- Also known as: The Ottoman Empire (2001–2008)
- Origin: Monroe, Wisconsin, U.S.
- Genres: Melodic death metal Power metal Progressive metal Thrash metal
- Years active: 2001–2010, 2013–2015
- Labels: Century Media
- Past members: Mary Zimmer Brian Koenig Cory Scheider Jacob Bare Erik Madsen
- Website: www.facebook.com/lunamortismusic

= Luna Mortis =

American heavy metal band

Luna Mortis was an American heavy metal band based in Madison, Wisconsin. The band was formed in late 2001 in Monroe, Wisconsin as The Ottoman Empire. In 2006, the band self-released their debut studio album, Way of the Blade. In June 2007, Luna Mortis played the first Flight of the Valkyries female-fronted metal festival in St. Paul, MN under their original name.

In 2008, the band self-released an EP, The Answer: Does Not Exist. That same year, the band changed their name to Luna Mortis and signed a recording contract with Century Media. On February 10, 2009, the band released their debut for Century Media, The Absence, recorded in 2008 at Audio Hammer Studios and produced by Jason Suecof.

In June 2009, the band returned to St. Paul for the festival's third edition.

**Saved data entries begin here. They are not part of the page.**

lemma geom_sum_surj_mod_prime_power:
  assumes "Factorial_Ring.prime p" "odd p" "[r = 1] (mod p)"
  obtains n where "[geom_sum r n = m] (mod p ^ j)"
proof -
  define M where "M = p ^ j"
  have "M > 0"
    using prime_gt_0_nat[OF assms(1)] by (simp add: M_def)
  define f where "f n = geom_sum r n mod M" for n
  have f_neq: "f a \<noteq> f b" if "a < b" "b < M" for a b
  proof
    assume "f a = f b"
    then have "[geom_sum r a + r ^ a * geom_sum r (b - a) = geom_sum r a + 0] (mod M)"
      using geom_sum_add[of r a "b - a"] \<open>a < b\<close> by (simp add: f_def cong_def)
    then have "M dvd r ^ a * geom_sum r (b - a)"
      by (simp only: cong_add_lcancel_nat cong_0_iff)
    moreover have "coprime M (r ^ a)"
      using assms(3) by (simp add: M_def coprime_cong_cong_right coprime_commute)
    ultimately have "M dvd geom_sum r (b - a)"
      using coprime_dvd_mult_right_iff by blast
    then have "M dvd b - a"
      using prime_power_dvd_geom_sum_imp_dvd[OF assms] by (simp add: M_def)
    then show False
      using that by (simp add: nat_dvd_not_less)
  qed
  have "inj_on f {..<M}"
    by (rule inj_onI) (metis f_neq lessThan_iff linorder_neqE_nat)
  moreover have "f ` {..<M} \<subseteq> {..<M}"
    using \<open>M > 0\<close> by (auto simp: f_def)
  ultimately have "f ` {..<M} = {..<M}"
    by (simp add: endo_inj_surj)
  then obtain n where "f n = m mod M"
    using \<open>M > 0\<close> by (metis imageE lessThan_iff mod_less_divisor)
  then show ?thesis
    using that by (simp add: f_def cong_def M_def)
qed

lemma cong_power_prime_power_self:
  assumes "Factorial_Ring.prime p"
  shows "[x ^ (p ^ k) = x] (mod p)"
proof (induction k)
  case (Suc k)
  have "[y ^ p = y] (mod p)" for y :: nat
  proof (cases "p dvd y")
    case True
    then have "[y = 0] (mod p)"
      by (simp add: cong_0_iff)
    moreover from this have "[y ^ p = 0 ^ p] (mod p)"
      by (rule cong_pow)
    ultimately show ?thesis
      using prime_gt_0_nat[OF assms] by (metis cong_sym cong_trans power_0_left not_less0 gr0_conv_Suc)
  next
    case False
    then have "[y * y ^ (p - 1) = y * 1] (mod p)"
      using fermat_theorem[OF assms] cong_scalar_left by blast
    then show ?thesis
      using prime_gt_0_nat[OF assms] by (simp add: power_eq_if)
  qed
  then have "[(x ^ (p ^ k)) ^ p = x ^ (p ^ k)] (mod p)" .
  then show ?case
    using Suc cong_trans by (metis power_Suc2 power_mult)
qed simp

context group
begin

lemma conj_mult:
  assumes "h \<in> carrier G" "x \<in> carrier G" "y \<in> carrier G"
  shows "h \<otimes> (x \<otimes> y) \<otimes> inv h = (h \<otimes> x \<otimes> inv h) \<otimes> (h \<otimes> y \<otimes> inv h)"
  using assms by (simp add: m_assoc inv_solve_left)

lemma conj_nat_pow:
  assumes "h \<in> carrier G" "x \<in> carrier G"
  shows "h \<otimes> x [^] (k::nat) \<otimes> inv h = (h \<otimes> x \<otimes> inv h) [^] k"
proof (induction k)
  case (Suc k)
  have "h \<otimes> x [^] Suc k \<otimes> inv h = (h \<otimes> x [^] k \<otimes> inv h) \<otimes> (h \<otimes> x \<otimes> inv h)"
    using conj_mult assms by simp
  then show ?case
    using Suc by simp
qed (use assms in simp)

lemma conj_nat_pow_Suc:
  assumes "h \<in> carrier G" "x \<in> carrier G"
  shows "h [^] (Suc n) \<otimes> x \<otimes> inv (h [^] Suc n) = h \<otimes> (h [^] n \<otimes> x \<otimes> inv (h [^] n)) \<otimes> inv h"
  unfolding nat_pow_Suc2[OF assms(1)] using assms by (simp add: inv_mult_group m_assoc)

lemma conj_power_iterate:
  assumes "h \<in> carrier G" "s \<in> carrier G" "h \<otimes> s \<otimes> inv h = s [^] (\<rho>::nat)"
  shows "h [^] n \<otimes> s \<otimes> inv (h [^] n) = s [^] (\<rho> ^ n)"
proof (induction n)
  case (Suc n)
  have "h [^] Suc n \<otimes> s \<otimes> inv (h [^] Suc n) = h \<otimes> s [^] (\<rho> ^ n) \<otimes> inv h"
    using Suc assms by (simp only: conj_nat_pow_Suc)
  also have "\<dots> = (s [^] \<rho>) [^] (\<rho> ^ n)"
    using assms by (simp add: conj_nat_pow)
  finally show ?case
    using assms by (simp add: nat_pow_pow mult.commute)
qed (use assms in simp)

lemma conj_orbit_geom_sum:
  assumes "h \<in> carrier G" "g \<in> carrier G" "s \<in> carrier G"
    and "h \<otimes> s \<otimes> inv h = s [^] (\<rho>::nat)" "h \<otimes> g \<otimes> inv h = s \<otimes> g"
  shows "h [^] n \<otimes> g \<otimes> inv (h [^] n) = s [^] geom_sum \<rho> n \<otimes> g"
proof (induction n)
  case (Suc n)
  have "h [^] Suc n \<otimes> g \<otimes> inv (h [^] Suc n) = h \<otimes> (s [^] geom_sum \<rho> n \<otimes> g) \<otimes> inv h"
    using Suc assms by (simp only: conj_nat_pow_Suc)
  also have "\<dots> = (s [^] \<rho>) [^] geom_sum \<rho> n \<otimes> (s \<otimes> g)"
    using assms by (simp add: conj_mult conj_nat_pow)
  also have "\<dots> = s [^] (\<rho> * geom_sum \<rho> n) \<otimes> s [^] (1::nat) \<otimes> g"
    using assms by (simp add: nat_pow_pow m_assoc)
  also have "\<dots> = s [^] geom_sum \<rho> (Suc n) \<otimes> g"
    using assms by (simp only: nat_pow_mult geom_sum_Suc)
  finally show ?case .
qed (use assms in \<open>simp add: geom_sum_def\<close>)

lemma nat_pow_eq_iff_cong:
  assumes "x \<in> carrier G"
  shows "x [^] (a::nat) = x [^] b \<longleftrightarrow> [a = b] (mod ord x)"
proof -
  have "x [^] a = x [^] b \<longleftrightarrow> int (ord x) dvd int b - int a"
    using int_pow_eq[OF assms, of "int a" "int b"] by (simp add: int_pow_int)
  also have "\<dots> \<longleftrightarrow> [int b = int a] (mod int (ord x))"
    by (simp add: cong_iff_dvd_diff)
  finally show ?thesis
    by (simp add: cong_int_iff cong_sym_eq)
qed

lemma ord_prime_power:
  assumes "Factorial_Ring.prime p" "order G = p ^ N" "x \<in> carrier G"
  obtains k where "ord x = p ^ k"
  using ord_dvd_group_order[OF assms(3)] assms(2) divides_primepow_nat[OF assms(1)] by auto

lemma conj_exponent_cong_one:
  assumes "Factorial_Ring.prime p" "order G = p ^ N" "h \<in> carrier G" "s \<in> carrier G"
    and "h \<otimes> s \<otimes> inv h = s [^] (\<rho>::nat)" "p dvd ord s"
  shows "[\<rho> = 1] (mod p)"
proof -
  obtain k where k: "ord h = p ^ k"
    using ord_prime_power[OF assms(1-3)] .
  have "s [^] (\<rho> ^ ord h) = s"
    using conj_power_iterate[OF assms(3-5), of "ord h"] assms(3,4) by simp
  then have "[\<rho> ^ p ^ k = 1] (mod ord s)"
    using nat_pow_eq_iff_cong[OF assms(4), of "\<rho> ^ ord h" 1] assms(4) k by simp
  then have "[\<rho> ^ p ^ k = 1] (mod p)"
    using assms(6) cong_dvd_modulus_nat by blast
  then show ?thesis
    using cong_power_prime_power_self[OF assms(1), of \<rho> k] by (metis cong_sym cong_trans)
qed

lemma conj_cyclic_normal_eq_nat_pow:
  assumes "finite (carrier G)" "H \<lhd> G" "x \<in> carrier G" "H = generate G {x}"
    and "s \<in> H" "h \<in> carrier G"
  obtains \<rho> :: nat where "h \<otimes> s \<otimes> inv h = s [^] \<rho>"
proof -
  have H: "H = {x [^] k | k. k \<in> (UNIV :: nat set)}"
    using generate_pow_on_finite_carrier[OF assms(1,3)] assms(4) by simp
  obtain k :: nat where s: "s = x [^] k"
    using assms(5) H by blast
  have "x \<in> H"
    using assms(4) by (simp add: generate.incl)
  then have "h \<otimes> x \<otimes> inv h \<in> H"
    using normal.inv_op_closed2[OF assms(2,6)] by blast
  then obtain \<rho> :: nat where "h \<otimes> x \<otimes> inv h = x [^] \<rho>"
    using H by blast
  then have "h \<otimes> s \<otimes> inv h = (x [^] \<rho>) [^] k"
    using s conj_nat_pow[OF assms(6,3)] by simp
  also have "\<dots> = s [^] \<rho>"
    using assms(3) s by (simp add: nat_pow_pow mult.commute)
  finally show ?thesis
    by (rule that)
qed

lemma cyclic_subgroup_eq_generate:
  assumes "subgroup H G" "cyclic_group (G\<lparr>carrier := H\<rparr>)"
  obtains x where "x \<in> H" "H = generate G {x}"
proof -
  obtain x where x: "x \<in> H" "subgroup_generated (G\<lparr>carrier := H\<rparr>) {x} = G\<lparr>carrier := H\<rparr>"
    using assms(2) unfolding cyclic_group_def by auto
  have "H = carrier (subgroup_generated (G\<lparr>carrier := H\<rparr>) {x})"
    using x(2) by simp
  also have "\<dots> = generate (G\<lparr>carrier := H\<rparr>) {x}"
    using x(1) by (simp add: carrier_subgroup_generated Int_absorb1)
  also have "\<dots> = generate G {x}"
    using x(1) generate_consistent[OF _ assms(1)] by simp
  finally show ?thesis
    using that x(1) by blast
qed

lemma generate_nat_pow_subset_if_gcd_dvd:
  assumes "x \<in> carrier G" "gcd t (ord x) dvd u"
  shows "generate G {x [^] (u::nat)} \<subseteq> generate G {x [^] (t::nat)}"
proof (rule generate_subgroup_incl)
  obtain \<alpha> \<beta> :: int where ab: "\<alpha> * int t + \<beta> * int (ord x) = gcd (int t) (int (ord x))"
    using bezout_int by blast
  obtain q where q: "u = gcd t (ord x) * q"
    using assms(2) by blast
  have "int u = int q * (\<alpha> * int t + \<beta> * int (ord x))"
    using ab by (simp add: q)
  then have "int u = int t * (\<alpha> * int q) + int (ord x) * (\<beta> * int q)"
    by (simp add: algebra_simps)
  then have "x [^] int u = x [^] (int t * (\<alpha> * int q))"
    using int_pow_eq[OF assms(1)] by simp
  also have "\<dots> = (x [^] int t) [^] (\<alpha> * int q)"
    using assms(1) by (simp add: int_pow_pow)
  also have "\<dots> = (x [^] t) [^] (\<alpha> * int q)"
    by (simp add: int_pow_int)
  finally show "{x [^] u} \<subseteq> generate G {x [^] t}"
    using generate_pow[of "x [^] t"] assms(1) by (auto simp: int_pow_int)
  show "subgroup (generate G {x [^] t}) G"
    using assms(1) by (simp add: generate_is_subgroup)
qed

Century Media Records dropped Luna Mortis in December 2009.

On February 15, 2010, Brian Koenig announced on Luna Mortis' MySpace page that the band had been dissolved and the members would be going their separate ways. On February 11, 2013, the band announced through their Facebook profile that they would reunite in 2013, planning festival appearances and new material. However, after only two shows, the members once again parted ways.

In 2015, vocalist Mary Zimmer joined the band White Empress, a new project created by former Cradle of Filth guitarist Paul Allender. Around the same time, guitarist Brian Koenig joined the band Lords of the Trident. Mary later became the singer for a band called Santa Marta.

==Musical style==
Luna Mortis' musical style has been variously described as melodic death metal, power metal, progressive metal, and thrash metal. The band's vocal style is characterized by Mary Zimmer's use of clean vocals and growled vocals. Brian Koenig, the band's principal songwriter, stated some of his influences were Dream Theater, Joe Satriani, Megadeth, Metallica, Yngwie Malmsteen, and classical music. Mary Zimmer stated some of her influences were At the Gates and Carcass.

==Members==
===Final lineup===
- Mary Zimmer – Vocals
- Brian Koenig – Guitar
- Cory Scheider – Guitar
- Jacob Bare – Bass
- Erik Madsen – Drums

===Previous members===
- Todd Olson - Guitar, Vocals
- Brad Lupo - Guitar
- Paul Kline - Guitar
- Nick Conti - Bass
- Zack Zweifel - Drums
- Dusty Weis - Drums

===Session members===
- Frank Grullon - Guitar (Sessions only)
- Brian Loomis – drum kit on Way of the Blade

===Live members===
- Chad Novell - Bass
- Adam Maltby - Drums

==Discography==
- Twice Demo (2002)
- Curse of the Sun EP (2004)
- Way of the Blade (2006)
- The Answer: Does Not Exist EP (2008)
- The Absence (2009)

Works prior to The Absence were released under the band's former name, The Ottoman Empire.